-- RAW DATA follows --

(* Let $J:[0,1]\to[0,\infty)$ with $\int_{\mathbb{Z}_p}J(|x|_p)dx=1$, extended by zero outside $\mathbb{Z}_p$, and let $\widehat J(|\xi|_p)$ be its Fourier transform (a radial function of $\xi\in\mathbb{Q}_p$). For $t>0$ let $\boldsymbol{J}(Z_0(x,t)):=\mathcal{F}^{-1}_{\xi\to x}\big(\{\widehat J(|\xi|_p)-1\}e^{-t(1-\widehat J(|\xi|_p))}\big)\in\mathcal{D}'(\mathbb{Z}_p)$. Then for $x\in\mathbb{Z}_p\smallsetminus\{0\}$ and $t>0$, $\boldsymbol{J}(Z_0(x,t))=\sum_{j=1}^{\infty}e^{-t(1-\widehat J(p^j))}(\widehat J(p^j)-1)\{p^j\Omega(p^j|x|_p)-p^{j-1}\Omega(p^{j-1}|x|_p)\}$, where $\widehat J(p^j)$ denotes the value of $\widehat J$ at $|\xi|_p=p^j$.
   Context: $p$ is a fixed prime; Haar measure normalized by $\int_{\mathbb{Z}_p}dx=1$; $\chi_p(y)=\exp(2\pi i\{y\}_p)$; Fourier transform $\mathcal{F}\varphi(\xi)=\int_{\mathbb{Q}_p}\chi_p(\xi x)\varphi(x)dx$, extended to distributions $\mathcal{D}'(\mathbb{Q}_p)$ by duality; $\mathcal{F}^{-1}$ its inverse. $\Omega(p^{-r}|x-a|_p)$ is the characteristic function of $\{|x-a|_p\le p^r\}$. The function $\xi\mapsto\{\widehat J(|\xi|_p)-1\}e^{-t(1-\widehat J(|\xi|_p))}$ is locally constant, bounded, and invariant under translation by $\mathbb{Z}_p$, so its inverse Fourier transform is a distribution supported in $\mathbb{Z}_p$; the identity is an identity of this distribution restricted to $\mathbb{Z}_p\smallsetminus\{0\}$. *)

theory Defs
  imports "HOL-Analysis.Analysis" "HOL-Computational_Algebra.Factorial_Ring"
begin
(* Let $p+q=4k+2$ with $k\ge1$. (i) If $p,q$ are odd, $p\ge1$ and $q\ge5$, then $\mathbb{O}_{p,q}\simeq\mathbb{O}_{p+4,q-4}$. (ii) If $p,q$ are even, $p\ge4$ and $q\ge2$, then $\mathbb{O}_{p,q}\simeq\mathbb{O}_{p-2,q+2}$. (The isomorphisms preserve the $\mathbb{Z}_2^n$-graded structure.)
   Context: $\mathbb{Z}_2=\{0,1\}$. For $p+q=n\ge3$, $\mathbb{O}_{p,q}$ is the real algebra with basis $\{u_x: x\in\mathbb{Z}_2^n\}$ and product $u_x\cdot u_y=(-1)^{f(x,y)}u_{x+y}$, where $f(x,y)=\sum_{1\le i<j<k\le n}(x_ix_jy_k+x_iy_jx_k+y_ix_jx_k)+\sum_{1\le i\le j\le n}x_iy_j+\sum_{1\le i\le p}x_iy_i$. Homogeneous elements are scalar multiples of some $u_x$. *)

theory Defs
  imports Complex_Main
begin

text \<open>An element x of Z_2^n is encoded as the set of indices i in {1..n} with x_i = 1;
  addition in Z_2^n is symmetric difference.\<close>

definition grades :: "nat \<Rightarrow> nat set set" where
  "grades n = Pow {1..n}"

definition zadd :: "nat set \<Rightarrow> nat set \<Rightarrow> nat set" where
  "zadd x y = (x - y) \<union> (y - x)"

definition ind :: "nat set \<Rightarrow> nat \<Rightarrow> nat" where
  "ind x i = (if i \<in> x then 1 else 0)"

definition twist :: "nat \<Rightarrow> nat \<Rightarrow> nat set \<Rightarrow> nat set \<Rightarrow> nat" where
  "twist p q x y =
     (\<Sum>i\<in>{1..p+q}. \<Sum>j\<in>{i<..p+q}. \<Sum>k\<in>{j<..p+q}.
         ind x i * ind x j * ind y k + ind x i * ind y j * ind x k + ind y i * ind x j * ind x k)
   + (\<Sum>i\<in>{1..p+q}. \<Sum>j\<in>{i..p+q}. ind x i * ind y j)
   + (\<Sum>i\<in>{1..p}. ind x i * ind y i)"

text \<open>Elements of O_{p,q}: real coefficient functions on Z_2^n (coefficient of u_x at x),
  vanishing outside Z_2^n.\<close>
definition Ocarrier :: "nat \<Rightarrow> (nat set \<Rightarrow> real) set" where
  "Ocarrier n = {a. \<forall>x. x \<notin> grades n \<longrightarrow> a x = 0}"

text \<open>Bilinear extension of u_x \<cdot> u_y = (-1)^f(x,y) u_{x+y}.\<close>
definition Omult :: "nat \<Rightarrow> nat \<Rightarrow> (nat set \<Rightarrow> real) \<Rightarrow> (nat set \<Rightarrow> real) \<Rightarrow> (nat set \<Rightarrow> real)" where
  "Omult p q a b = (\<lambda>z. if z \<in> grades (p+q)
      then (\<Sum>x\<in>grades (p+q). (-1) ^ twist p q x (zadd x z) * a x * b (zadd x z))
      else 0)"

definition homogeneous :: "nat \<Rightarrow> (nat set \<Rightarrow> real) \<Rightarrow> bool" where
  "homogeneous n a \<longleftrightarrow> a \<in> Ocarrier n \<and> (\<exists>x\<in>grades n. \<forall>y. y \<noteq> x \<longrightarrow> a y = 0)"

definition graded_iso :: "nat \<Rightarrow> nat \<Rightarrow> nat \<Rightarrow> nat \<Rightarrow> bool" where
  "graded_iso p q p' q' \<longleftrightarrow> (\<exists>\<phi>.
      bij_betw \<phi> (Ocarrier (p+q)) (Ocarrier (p'+q')) \<and>
      (\<forall>a\<in>Ocarrier (p+q). \<forall>b\<in>Ocarrier (p+q). \<phi> (\<lambda>x. a x + b x) = (\<lambda>x. \<phi> a x + \<phi> b x)) \<and>
      (\<forall>a\<in>Ocarrier (p+q). \<forall>c::real. \<phi> (\<lambda>x. c * a x) = (\<lambda>x. c * \<phi> a x)) \<and>
      (\<forall>a\<in>Ocarrier (p+q). \<forall>b\<in>Ocarrier (p+q). \<phi> (Omult p q a b) = Omult p' q' (\<phi> a) (\<phi> b)) \<and>
      (\<forall>a. homogeneous (p+q) a \<longrightarrow> homogeneous (p'+q') (\<phi> a)))"

end

theory Submission
  imports Defs
begin

text \<open>Modulo 2 the twist is \<open>f\<^sub>P(x,y) \<equiv> c(x,y) + \<beta>(x,y) + |x \<inter> y \<inter> P|\<close>, where \<open>P = {1..p}\<close>,
  \<open>\<beta>(x,y) = \<Sum>\<^bsub>i\<le>j\<^esub> x\<^sub>i y\<^sub>j\<close> and the cubic part \<open>c(x,y) \<equiv> |y| C(|x|,2) + |x \<inter> y| (1 + |x|)\<close> does not
  depend on \<open>P\<close>. A linear automorphism \<open>\<sigma>\<close> of \<open>\<int>\<^sub>2\<^sup>n\<close> together with exponents \<open>e\<close> satisfying
  \<open>f\<^sub>P\<^sub>'(\<sigma> x, \<sigma> y) \<equiv> f\<^sub>P(x,y) + e(x) + e(y) + e(x + y)\<close> yields the graded isomorphism
  \<open>u\<^sub>x \<mapsto> (-1)\<^bsup>e(x)\<^esup> u\<^bsub>\<sigma> x\<^esub>\<close> from \<open>O\<^sub>p\<^sub>,\<^sub>q\<close> to \<open>O\<^sub>p\<^sub>'\<^sub>,\<^sub>q\<^sub>'\<close>.

  When \<open>n \<equiv> 2 (mod 4)\<close>, \<open>S\<close> is a set of four generators and \<open>V\<close> its complement, so that
  \<open>|V| \<equiv> 2 (mod 4)\<close>, the involution \<open>x \<mapsto> x + |x \<inter> S| V\<close> transforms \<open>f\<^sub>P\<close> into \<open>f\<^bsub>P + S\<^esub>\<close> up to such a
  coboundary, provided \<open>|P - S|\<close> is odd. One such flip with \<open>S = {p+1..p+4}\<close> gives (i); three
  flips carry \<open>{1..p}\<close> to \<open>{1..p-2}\<close> and give (ii).\<close>

section \<open>Parity of cardinalities\<close>

lemma card_zadd_add_card_Int:
  assumes "finite A" "finite B"
  shows "card (zadd A B) + 2 * card (A \<inter> B) = card A + card B"
proof -
  have "zadd A B = (A \<union> B) - (A \<inter> B)" by (auto simp: zadd_def)
  then have "card (zadd A B) = card (A \<union> B) - card (A \<inter> B)"
    using assms by (simp add: card_Diff_subset Int_Un_distrib2 inf.coboundedI1)
  moreover have "card (A \<inter> B) \<le> card (A \<union> B)"
    using assms by (intro card_mono) auto
  ultimately show ?thesis
    using card_Un_Int[OF assms] by simp
qed

lemma odd_card_zadd:
  "finite A \<Longrightarrow> finite B \<Longrightarrow> odd (card (zadd A B)) \<longleftrightarrow> (odd (card A) \<noteq> odd (card B))"
  using card_zadd_add_card_Int[of A B] by (metis even_add even_mult_iff even_numeral)

lemma zadd_Int_distrib: "zadd A B \<inter> C = zadd (A \<inter> C) (B \<inter> C)"
  by (auto simp: zadd_def)

lemma odd_card_zadd_Int:
  "finite C \<Longrightarrow> odd (card (zadd A B \<inter> C)) \<longleftrightarrow> (odd (card (A \<inter> C)) \<noteq> odd (card (B \<inter> C)))"
  unfolding zadd_Int_distrib by (simp add: odd_card_zadd)

lemma odd_card_split:
  assumes "finite x" "x \<subseteq> A \<union> B" "A \<inter> B = {}"
  shows "odd (card x) \<longleftrightarrow> (odd (card (x \<inter> A)) \<noteq> odd (card (x \<inter> B)))"
proof -
  have "x = (x \<inter> A) \<union> (x \<inter> B)" using assms(2) by auto
  moreover have "card ((x \<inter> A) \<union> (x \<inter> B)) = card (x \<inter> A) + card (x \<inter> B)"
    using assms by (intro card_Un_disjoint) auto
  ultimately have "card x = card (x \<inter> A) + card (x \<inter> B)" by simp
  then show ?thesis by simp
qed

lemma choose_two_add: "(u + v) choose 2 = (u choose 2) + (v choose 2) + u * (v::nat)"
  by (induction v) (auto simp: numeral_2_eq_2)

lemma choose_two_Suc: "Suc m choose 2 = (m choose 2) + m"
  by (simp add: numeral_2_eq_2)

lemma odd_choose_two_double: "odd ((c + c) choose 2) \<longleftrightarrow> odd (c::nat)"
  unfolding choose_two_add by simp

lemma odd_choose_two_card_zadd:
  assumes "finite A" "finite B"
  shows "odd (card (zadd A B) choose 2) \<longleftrightarrow>
    (((odd (card A choose 2) \<noteq> odd (card B choose 2)) \<noteq> (odd (card A) \<and> odd (card B)))
      \<noteq> odd (card (A \<inter> B)))"
proof -
  define c where "c = card (A \<inter> B)"
  have "card A + card B = card (zadd A B) + (c + c)"
    using card_zadd_add_card_Int[OF assms] unfolding c_def by simp
  then have "odd ((card A + card B) choose 2) \<longleftrightarrow> (odd (card (zadd A B) choose 2) \<noteq> odd c)"
    by (simp add: choose_two_add[of "card (zadd A B)"] odd_choose_two_double)
  moreover have "odd ((card A + card B) choose 2) \<longleftrightarrow>
      ((odd (card A choose 2) \<noteq> odd (card B choose 2)) \<noteq> (odd (card A) \<and> odd (card B)))"
    unfolding choose_two_add by simp blast
  ultimately show ?thesis unfolding c_def by auto
qed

-- RAW DATA concluded --

**TASK DETAILS:** When a line among the entries above contains "sigma", copy it.

**TASK SOLUTION:**
  depend on \<open>P\<close>. A linear automorphism \<open>\<sigma>\<close> of \<open>\<int>\<^sub>2\<^sup>n\<close> together with exponents \<open>e\<close> satisfying
  \<open>f\<^sub>P\<^sub>'(\<sigma> x, \<sigma> y) \<equiv> f\<^sub>P(x,y) + e(x) + e(y) + e(x + y)\<close> yields the graded isomorphism
  \<open>u\<^sub>x \<mapsto> (-1)\<^bsup>e(x)\<^esup> u\<^bsub>\<sigma> x\<^esub>\<close> from \<open>O\<^sub>p\<^sub>,\<^sub>q\<close> to \<open>O\<^sub>p\<^sub>'\<^sub>,\<^sub>q\<^sub>'\<close>.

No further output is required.